DATA RECORDS:
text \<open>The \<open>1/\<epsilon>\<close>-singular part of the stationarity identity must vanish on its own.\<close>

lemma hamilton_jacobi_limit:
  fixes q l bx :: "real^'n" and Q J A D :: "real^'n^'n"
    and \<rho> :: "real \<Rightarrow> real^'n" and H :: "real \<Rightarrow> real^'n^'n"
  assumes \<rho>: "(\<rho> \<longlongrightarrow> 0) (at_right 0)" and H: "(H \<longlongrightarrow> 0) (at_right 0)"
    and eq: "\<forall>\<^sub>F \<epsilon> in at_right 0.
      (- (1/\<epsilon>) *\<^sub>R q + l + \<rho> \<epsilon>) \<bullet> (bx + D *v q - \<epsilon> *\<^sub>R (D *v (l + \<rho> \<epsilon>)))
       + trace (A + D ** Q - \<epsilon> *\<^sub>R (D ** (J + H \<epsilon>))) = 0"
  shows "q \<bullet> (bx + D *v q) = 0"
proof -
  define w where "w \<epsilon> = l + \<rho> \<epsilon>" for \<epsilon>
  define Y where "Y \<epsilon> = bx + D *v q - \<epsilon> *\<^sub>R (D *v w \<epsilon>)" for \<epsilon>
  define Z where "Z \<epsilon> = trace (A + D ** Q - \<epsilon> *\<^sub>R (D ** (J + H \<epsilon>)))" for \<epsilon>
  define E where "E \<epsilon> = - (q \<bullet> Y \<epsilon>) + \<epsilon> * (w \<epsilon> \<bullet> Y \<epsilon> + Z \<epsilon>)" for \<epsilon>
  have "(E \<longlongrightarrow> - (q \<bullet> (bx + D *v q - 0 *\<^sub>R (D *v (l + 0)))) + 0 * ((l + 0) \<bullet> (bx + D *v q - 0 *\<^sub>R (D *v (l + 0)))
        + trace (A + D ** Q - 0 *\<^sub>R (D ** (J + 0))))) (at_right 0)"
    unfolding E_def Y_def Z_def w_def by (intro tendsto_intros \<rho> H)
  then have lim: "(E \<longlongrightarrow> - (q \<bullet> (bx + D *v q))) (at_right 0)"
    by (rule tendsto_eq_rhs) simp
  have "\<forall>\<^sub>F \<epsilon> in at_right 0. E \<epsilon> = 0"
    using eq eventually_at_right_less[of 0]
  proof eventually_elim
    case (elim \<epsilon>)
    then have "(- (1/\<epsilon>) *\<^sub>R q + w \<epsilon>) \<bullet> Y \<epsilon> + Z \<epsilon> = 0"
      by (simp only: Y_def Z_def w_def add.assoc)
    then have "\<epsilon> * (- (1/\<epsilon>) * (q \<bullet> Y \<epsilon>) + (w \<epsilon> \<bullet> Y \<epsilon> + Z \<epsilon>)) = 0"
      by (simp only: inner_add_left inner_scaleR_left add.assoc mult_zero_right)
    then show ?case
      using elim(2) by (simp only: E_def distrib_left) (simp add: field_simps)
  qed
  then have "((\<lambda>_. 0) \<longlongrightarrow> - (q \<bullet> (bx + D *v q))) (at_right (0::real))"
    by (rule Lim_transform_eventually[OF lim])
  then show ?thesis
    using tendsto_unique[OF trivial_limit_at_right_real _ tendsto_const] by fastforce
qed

==

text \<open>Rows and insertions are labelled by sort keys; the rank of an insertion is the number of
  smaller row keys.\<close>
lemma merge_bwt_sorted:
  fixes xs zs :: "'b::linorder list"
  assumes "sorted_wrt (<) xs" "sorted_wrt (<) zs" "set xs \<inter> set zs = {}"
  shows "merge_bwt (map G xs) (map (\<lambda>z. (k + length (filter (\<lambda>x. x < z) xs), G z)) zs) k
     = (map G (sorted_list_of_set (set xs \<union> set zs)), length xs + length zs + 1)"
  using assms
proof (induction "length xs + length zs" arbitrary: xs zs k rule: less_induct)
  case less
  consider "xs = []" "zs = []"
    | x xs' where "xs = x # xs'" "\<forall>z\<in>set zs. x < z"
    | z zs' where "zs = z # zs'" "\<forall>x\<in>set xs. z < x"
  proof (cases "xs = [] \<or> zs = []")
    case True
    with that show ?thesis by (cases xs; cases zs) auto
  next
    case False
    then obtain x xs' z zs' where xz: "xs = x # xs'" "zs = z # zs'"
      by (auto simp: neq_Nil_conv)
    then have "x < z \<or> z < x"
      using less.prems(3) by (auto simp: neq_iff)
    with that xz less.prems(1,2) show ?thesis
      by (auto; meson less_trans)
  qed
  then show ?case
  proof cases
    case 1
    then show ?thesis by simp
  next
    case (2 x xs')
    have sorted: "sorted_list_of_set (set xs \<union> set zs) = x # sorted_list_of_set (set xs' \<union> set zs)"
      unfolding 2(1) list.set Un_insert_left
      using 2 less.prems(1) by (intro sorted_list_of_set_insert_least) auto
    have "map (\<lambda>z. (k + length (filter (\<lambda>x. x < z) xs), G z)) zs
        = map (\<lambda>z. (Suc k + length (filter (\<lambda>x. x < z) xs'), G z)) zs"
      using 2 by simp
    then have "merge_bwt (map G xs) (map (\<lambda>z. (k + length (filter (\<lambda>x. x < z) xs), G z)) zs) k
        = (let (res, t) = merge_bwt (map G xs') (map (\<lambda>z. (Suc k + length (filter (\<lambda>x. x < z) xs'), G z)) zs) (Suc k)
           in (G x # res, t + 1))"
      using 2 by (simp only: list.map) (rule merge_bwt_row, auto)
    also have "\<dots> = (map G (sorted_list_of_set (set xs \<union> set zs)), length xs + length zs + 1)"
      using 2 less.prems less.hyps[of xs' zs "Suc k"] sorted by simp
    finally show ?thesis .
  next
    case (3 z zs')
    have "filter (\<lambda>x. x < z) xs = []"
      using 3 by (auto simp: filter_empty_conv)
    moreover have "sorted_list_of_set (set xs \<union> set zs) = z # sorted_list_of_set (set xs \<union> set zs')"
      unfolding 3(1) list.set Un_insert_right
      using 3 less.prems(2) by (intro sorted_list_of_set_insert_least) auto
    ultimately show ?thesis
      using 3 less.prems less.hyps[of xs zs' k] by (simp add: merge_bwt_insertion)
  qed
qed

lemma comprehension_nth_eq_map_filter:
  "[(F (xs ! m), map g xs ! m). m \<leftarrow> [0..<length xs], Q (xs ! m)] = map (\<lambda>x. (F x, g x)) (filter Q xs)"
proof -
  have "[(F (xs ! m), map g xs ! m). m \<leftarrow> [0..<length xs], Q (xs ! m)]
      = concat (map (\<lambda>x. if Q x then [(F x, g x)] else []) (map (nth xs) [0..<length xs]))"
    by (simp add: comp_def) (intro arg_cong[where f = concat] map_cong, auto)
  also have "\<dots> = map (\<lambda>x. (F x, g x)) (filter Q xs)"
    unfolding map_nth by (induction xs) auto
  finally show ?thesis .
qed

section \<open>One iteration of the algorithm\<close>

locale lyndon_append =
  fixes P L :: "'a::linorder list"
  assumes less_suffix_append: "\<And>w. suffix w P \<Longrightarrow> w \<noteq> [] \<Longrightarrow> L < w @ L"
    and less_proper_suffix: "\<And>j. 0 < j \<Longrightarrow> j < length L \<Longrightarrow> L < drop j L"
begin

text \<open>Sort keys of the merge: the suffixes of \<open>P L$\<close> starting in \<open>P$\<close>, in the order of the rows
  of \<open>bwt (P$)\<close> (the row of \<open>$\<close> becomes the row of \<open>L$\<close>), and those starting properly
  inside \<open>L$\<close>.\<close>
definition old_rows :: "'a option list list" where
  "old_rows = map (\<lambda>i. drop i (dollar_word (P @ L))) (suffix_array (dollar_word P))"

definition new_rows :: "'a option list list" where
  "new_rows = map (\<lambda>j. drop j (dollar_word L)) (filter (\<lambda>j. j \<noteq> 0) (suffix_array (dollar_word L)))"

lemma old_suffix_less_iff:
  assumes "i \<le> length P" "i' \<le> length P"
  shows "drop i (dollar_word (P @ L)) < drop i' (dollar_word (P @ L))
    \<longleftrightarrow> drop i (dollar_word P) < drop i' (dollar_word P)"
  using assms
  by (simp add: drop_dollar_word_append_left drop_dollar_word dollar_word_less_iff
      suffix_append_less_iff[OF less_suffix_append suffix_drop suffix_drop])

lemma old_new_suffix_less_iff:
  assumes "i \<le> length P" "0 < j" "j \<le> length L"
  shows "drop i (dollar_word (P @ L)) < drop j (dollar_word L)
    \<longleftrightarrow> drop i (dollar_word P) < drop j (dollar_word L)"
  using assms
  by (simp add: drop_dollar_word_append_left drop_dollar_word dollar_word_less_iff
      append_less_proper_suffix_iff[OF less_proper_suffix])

==

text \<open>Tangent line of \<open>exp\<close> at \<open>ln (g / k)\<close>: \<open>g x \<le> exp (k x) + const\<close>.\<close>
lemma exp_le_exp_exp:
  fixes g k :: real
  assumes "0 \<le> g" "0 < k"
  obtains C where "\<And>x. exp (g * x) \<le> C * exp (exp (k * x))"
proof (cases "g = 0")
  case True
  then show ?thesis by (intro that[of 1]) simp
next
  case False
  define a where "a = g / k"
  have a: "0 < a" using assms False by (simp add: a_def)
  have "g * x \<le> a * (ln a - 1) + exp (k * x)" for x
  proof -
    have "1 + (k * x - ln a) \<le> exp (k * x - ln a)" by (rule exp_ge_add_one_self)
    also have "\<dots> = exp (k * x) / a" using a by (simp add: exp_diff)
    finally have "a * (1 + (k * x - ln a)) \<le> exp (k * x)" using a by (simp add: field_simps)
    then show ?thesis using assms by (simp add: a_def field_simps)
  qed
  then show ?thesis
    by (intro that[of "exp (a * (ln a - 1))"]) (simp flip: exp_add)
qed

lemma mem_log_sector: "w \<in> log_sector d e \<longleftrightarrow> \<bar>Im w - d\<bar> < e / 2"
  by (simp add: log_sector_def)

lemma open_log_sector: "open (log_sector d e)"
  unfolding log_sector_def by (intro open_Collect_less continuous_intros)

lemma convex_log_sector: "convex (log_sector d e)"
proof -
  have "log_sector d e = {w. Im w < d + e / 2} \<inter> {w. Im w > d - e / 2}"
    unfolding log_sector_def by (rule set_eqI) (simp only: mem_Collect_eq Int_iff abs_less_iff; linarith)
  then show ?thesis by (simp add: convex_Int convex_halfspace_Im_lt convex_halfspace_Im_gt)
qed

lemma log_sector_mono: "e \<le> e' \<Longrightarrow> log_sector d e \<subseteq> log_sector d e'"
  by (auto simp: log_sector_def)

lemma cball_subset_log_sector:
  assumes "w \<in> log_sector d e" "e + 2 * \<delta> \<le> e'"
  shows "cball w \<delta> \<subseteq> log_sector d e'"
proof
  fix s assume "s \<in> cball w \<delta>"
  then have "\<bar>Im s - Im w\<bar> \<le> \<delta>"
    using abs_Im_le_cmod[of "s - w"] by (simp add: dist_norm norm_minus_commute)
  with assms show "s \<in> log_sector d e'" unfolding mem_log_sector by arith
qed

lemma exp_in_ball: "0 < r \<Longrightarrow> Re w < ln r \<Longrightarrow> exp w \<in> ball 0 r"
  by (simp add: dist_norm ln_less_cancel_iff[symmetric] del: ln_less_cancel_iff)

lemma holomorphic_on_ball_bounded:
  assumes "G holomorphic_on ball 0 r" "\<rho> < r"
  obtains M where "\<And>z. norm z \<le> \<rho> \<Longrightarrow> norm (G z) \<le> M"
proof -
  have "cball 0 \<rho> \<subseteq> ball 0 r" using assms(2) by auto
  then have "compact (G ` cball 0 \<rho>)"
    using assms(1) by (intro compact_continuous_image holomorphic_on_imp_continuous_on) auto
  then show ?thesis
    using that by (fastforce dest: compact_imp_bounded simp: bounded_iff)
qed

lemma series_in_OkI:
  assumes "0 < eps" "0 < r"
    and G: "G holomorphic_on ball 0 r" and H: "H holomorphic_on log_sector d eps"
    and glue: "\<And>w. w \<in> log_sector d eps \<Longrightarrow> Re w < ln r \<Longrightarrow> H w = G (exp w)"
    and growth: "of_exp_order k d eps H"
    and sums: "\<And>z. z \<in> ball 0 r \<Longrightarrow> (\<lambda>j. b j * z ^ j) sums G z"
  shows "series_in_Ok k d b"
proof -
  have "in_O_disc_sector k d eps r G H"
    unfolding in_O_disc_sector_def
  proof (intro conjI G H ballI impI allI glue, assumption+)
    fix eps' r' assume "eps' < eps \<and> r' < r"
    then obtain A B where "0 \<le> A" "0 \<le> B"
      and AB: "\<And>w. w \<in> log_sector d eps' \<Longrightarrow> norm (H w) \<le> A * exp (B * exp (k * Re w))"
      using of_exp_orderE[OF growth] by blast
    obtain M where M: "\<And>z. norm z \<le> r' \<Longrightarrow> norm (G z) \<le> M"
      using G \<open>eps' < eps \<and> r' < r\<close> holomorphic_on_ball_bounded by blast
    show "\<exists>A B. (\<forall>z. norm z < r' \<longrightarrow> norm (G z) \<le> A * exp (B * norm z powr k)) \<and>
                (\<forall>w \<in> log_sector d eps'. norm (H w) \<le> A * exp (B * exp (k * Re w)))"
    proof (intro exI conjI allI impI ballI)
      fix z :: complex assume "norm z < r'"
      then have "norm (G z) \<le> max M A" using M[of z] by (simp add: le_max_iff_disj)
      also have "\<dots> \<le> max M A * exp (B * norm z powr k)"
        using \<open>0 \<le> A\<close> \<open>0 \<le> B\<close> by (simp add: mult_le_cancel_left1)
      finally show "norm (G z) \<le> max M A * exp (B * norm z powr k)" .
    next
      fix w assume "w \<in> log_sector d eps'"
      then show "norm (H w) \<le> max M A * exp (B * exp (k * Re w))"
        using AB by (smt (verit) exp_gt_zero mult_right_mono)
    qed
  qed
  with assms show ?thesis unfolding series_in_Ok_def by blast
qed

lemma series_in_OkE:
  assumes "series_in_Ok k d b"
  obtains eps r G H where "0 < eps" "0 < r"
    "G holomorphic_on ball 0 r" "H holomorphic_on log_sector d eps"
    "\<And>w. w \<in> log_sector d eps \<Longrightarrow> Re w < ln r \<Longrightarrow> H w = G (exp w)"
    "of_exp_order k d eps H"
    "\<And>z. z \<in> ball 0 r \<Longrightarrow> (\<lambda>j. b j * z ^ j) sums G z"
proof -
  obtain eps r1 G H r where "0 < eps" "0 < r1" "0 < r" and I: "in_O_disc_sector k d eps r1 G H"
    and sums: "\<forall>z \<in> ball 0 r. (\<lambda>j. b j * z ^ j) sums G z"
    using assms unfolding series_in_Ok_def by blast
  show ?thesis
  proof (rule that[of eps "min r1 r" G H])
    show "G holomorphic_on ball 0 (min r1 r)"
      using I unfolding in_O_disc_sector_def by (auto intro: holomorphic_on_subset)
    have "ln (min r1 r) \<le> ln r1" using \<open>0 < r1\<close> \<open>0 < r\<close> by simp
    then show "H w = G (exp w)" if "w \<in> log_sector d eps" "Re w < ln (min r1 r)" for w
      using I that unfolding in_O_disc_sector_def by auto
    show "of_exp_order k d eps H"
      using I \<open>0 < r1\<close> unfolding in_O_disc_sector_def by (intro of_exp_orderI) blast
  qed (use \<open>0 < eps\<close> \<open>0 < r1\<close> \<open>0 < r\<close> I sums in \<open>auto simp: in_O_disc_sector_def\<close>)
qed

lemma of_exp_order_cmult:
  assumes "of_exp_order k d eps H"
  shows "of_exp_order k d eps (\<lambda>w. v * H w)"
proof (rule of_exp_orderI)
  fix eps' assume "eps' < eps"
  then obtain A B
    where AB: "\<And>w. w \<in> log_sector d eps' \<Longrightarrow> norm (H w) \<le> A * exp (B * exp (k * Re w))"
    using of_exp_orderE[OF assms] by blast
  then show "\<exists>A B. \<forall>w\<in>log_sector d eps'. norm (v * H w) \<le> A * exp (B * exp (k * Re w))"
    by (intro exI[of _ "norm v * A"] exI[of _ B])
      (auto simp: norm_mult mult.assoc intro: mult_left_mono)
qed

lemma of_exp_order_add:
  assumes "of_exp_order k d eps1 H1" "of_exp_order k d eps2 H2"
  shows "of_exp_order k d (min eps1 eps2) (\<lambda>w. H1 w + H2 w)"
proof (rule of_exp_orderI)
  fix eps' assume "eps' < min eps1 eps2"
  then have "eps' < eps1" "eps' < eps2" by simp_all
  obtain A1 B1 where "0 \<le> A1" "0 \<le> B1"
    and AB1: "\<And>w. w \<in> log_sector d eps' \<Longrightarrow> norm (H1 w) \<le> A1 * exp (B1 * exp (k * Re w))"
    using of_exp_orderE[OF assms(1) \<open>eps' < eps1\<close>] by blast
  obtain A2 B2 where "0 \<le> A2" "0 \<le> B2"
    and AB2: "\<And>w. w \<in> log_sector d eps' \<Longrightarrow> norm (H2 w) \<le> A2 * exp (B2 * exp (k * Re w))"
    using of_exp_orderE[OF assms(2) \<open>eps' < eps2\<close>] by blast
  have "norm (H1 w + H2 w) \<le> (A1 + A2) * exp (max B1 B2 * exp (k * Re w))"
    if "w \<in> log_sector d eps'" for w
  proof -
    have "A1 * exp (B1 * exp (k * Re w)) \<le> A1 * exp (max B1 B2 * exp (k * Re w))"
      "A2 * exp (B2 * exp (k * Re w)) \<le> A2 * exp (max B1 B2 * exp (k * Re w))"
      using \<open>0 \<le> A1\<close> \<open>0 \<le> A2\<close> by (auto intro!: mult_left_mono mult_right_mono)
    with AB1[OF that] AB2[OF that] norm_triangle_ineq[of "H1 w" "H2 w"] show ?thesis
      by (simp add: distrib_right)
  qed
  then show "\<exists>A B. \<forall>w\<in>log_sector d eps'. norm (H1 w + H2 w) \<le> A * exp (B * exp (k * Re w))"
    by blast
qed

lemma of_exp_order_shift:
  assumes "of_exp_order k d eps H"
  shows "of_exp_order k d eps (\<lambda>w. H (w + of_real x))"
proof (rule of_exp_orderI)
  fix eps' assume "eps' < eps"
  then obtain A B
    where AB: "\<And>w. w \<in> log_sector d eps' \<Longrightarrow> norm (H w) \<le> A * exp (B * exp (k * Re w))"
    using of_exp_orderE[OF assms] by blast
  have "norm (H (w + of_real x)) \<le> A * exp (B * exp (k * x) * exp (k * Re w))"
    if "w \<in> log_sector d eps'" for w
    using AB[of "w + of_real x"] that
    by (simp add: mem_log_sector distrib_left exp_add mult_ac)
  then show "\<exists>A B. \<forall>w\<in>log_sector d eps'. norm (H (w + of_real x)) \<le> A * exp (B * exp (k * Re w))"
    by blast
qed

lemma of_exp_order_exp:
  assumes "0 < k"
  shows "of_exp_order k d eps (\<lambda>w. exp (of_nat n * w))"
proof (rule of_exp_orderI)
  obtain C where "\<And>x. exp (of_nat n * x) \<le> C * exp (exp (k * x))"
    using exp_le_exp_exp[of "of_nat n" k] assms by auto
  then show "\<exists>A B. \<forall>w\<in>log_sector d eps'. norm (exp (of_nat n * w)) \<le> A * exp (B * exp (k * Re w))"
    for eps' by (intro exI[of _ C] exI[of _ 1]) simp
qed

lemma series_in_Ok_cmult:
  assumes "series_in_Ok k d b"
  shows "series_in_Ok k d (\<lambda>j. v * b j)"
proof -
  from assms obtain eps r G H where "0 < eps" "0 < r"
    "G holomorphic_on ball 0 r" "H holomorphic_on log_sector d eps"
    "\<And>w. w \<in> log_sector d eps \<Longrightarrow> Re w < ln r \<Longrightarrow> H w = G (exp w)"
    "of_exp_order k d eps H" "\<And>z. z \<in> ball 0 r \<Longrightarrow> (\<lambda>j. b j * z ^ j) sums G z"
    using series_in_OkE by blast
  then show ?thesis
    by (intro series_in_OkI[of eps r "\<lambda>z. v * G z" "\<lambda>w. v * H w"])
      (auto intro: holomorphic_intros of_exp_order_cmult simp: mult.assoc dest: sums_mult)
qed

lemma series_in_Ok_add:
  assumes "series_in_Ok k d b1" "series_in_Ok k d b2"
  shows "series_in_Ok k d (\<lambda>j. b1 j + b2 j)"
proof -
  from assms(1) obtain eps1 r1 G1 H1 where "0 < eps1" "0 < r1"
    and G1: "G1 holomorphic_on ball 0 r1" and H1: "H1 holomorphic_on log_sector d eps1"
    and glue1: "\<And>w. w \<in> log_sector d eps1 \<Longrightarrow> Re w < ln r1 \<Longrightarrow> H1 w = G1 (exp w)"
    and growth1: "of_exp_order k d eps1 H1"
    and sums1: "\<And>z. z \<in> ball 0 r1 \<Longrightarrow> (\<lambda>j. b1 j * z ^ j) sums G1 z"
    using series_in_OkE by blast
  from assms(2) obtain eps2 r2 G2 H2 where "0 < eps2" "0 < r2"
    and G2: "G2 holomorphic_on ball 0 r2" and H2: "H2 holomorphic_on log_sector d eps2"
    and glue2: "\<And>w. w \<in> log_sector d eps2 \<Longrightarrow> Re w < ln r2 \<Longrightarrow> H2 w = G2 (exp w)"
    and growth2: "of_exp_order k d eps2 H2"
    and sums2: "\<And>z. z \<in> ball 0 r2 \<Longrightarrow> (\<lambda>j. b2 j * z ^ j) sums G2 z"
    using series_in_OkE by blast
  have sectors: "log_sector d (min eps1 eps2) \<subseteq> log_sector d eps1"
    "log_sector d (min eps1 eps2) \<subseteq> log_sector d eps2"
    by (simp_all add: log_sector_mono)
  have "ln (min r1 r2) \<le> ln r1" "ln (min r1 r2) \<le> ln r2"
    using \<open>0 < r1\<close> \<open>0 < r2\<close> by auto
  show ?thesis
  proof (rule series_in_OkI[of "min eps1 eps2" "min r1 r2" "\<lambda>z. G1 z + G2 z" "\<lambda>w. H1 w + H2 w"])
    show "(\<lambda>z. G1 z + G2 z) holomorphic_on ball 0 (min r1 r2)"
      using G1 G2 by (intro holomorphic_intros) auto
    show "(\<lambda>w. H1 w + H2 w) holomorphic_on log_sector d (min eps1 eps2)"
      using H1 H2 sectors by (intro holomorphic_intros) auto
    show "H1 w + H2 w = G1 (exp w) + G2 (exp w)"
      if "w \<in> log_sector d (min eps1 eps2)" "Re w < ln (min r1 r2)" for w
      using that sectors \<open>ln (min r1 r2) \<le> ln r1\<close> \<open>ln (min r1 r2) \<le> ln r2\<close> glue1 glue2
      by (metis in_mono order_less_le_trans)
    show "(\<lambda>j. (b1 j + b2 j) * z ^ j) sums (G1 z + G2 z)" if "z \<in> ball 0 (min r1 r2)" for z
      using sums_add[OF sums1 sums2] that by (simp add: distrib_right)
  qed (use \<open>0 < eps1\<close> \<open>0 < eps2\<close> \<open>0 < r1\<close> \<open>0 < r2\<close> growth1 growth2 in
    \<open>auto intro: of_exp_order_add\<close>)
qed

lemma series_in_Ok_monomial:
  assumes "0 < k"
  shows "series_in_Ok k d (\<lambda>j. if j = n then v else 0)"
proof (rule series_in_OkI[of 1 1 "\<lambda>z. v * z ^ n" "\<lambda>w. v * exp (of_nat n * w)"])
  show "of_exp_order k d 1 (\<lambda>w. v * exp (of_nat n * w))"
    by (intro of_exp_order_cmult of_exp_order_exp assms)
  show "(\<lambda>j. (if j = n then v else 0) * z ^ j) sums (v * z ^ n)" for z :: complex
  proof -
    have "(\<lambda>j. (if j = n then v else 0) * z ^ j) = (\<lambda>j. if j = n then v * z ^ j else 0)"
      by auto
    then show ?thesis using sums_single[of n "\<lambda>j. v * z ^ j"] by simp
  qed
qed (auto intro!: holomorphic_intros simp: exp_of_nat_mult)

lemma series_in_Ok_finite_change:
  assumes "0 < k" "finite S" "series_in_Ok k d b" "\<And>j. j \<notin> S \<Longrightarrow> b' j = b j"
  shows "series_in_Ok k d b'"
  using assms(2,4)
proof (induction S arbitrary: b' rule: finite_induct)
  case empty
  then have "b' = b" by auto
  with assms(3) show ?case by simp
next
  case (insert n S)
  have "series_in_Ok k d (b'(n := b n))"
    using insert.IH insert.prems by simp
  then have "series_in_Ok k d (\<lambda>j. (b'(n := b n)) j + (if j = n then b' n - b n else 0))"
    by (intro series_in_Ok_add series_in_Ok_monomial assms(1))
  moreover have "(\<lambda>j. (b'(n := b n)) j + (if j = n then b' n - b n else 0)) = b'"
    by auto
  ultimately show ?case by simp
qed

TO DO: Wherever the line holding "text \<open>The \<open>1/\<epsilon>\<close>-singular" falls in the entries above, copy exactly from it through the line holding "define Z where", inclusive, and add nothing.

COMPLETED EXERCISE:
text \<open>The \<open>1/\<epsilon>\<close>-singular part of the stationarity identity must vanish on its own.\<close>

lemma hamilton_jacobi_limit:
  fixes q l bx :: "real^'n" and Q J A D :: "real^'n^'n"
    and \<rho> :: "real \<Rightarrow> real^'n" and H :: "real \<Rightarrow> real^'n^'n"
  assumes \<rho>: "(\<rho> \<longlongrightarrow> 0) (at_right 0)" and H: "(H \<longlongrightarrow> 0) (at_right 0)"
    and eq: "\<forall>\<^sub>F \<epsilon> in at_right 0.
      (- (1/\<epsilon>) *\<^sub>R q + l + \<rho> \<epsilon>) \<bullet> (bx + D *v q - \<epsilon> *\<^sub>R (D *v (l + \<rho> \<epsilon>)))
       + trace (A + D ** Q - \<epsilon> *\<^sub>R (D ** (J + H \<epsilon>))) = 0"
  shows "q \<bullet> (bx + D *v q) = 0"
proof -
  define w where "w \<epsilon> = l + \<rho> \<epsilon>" for \<epsilon>
  define Y where "Y \<epsilon> = bx + D *v q - \<epsilon> *\<^sub>R (D *v w \<epsilon>)" for \<epsilon>
  define Z where "Z \<epsilon> = trace (A + D ** Q - \<epsilon> *\<^sub>R (D ** (J + H \<epsilon>)))" for \<epsilon>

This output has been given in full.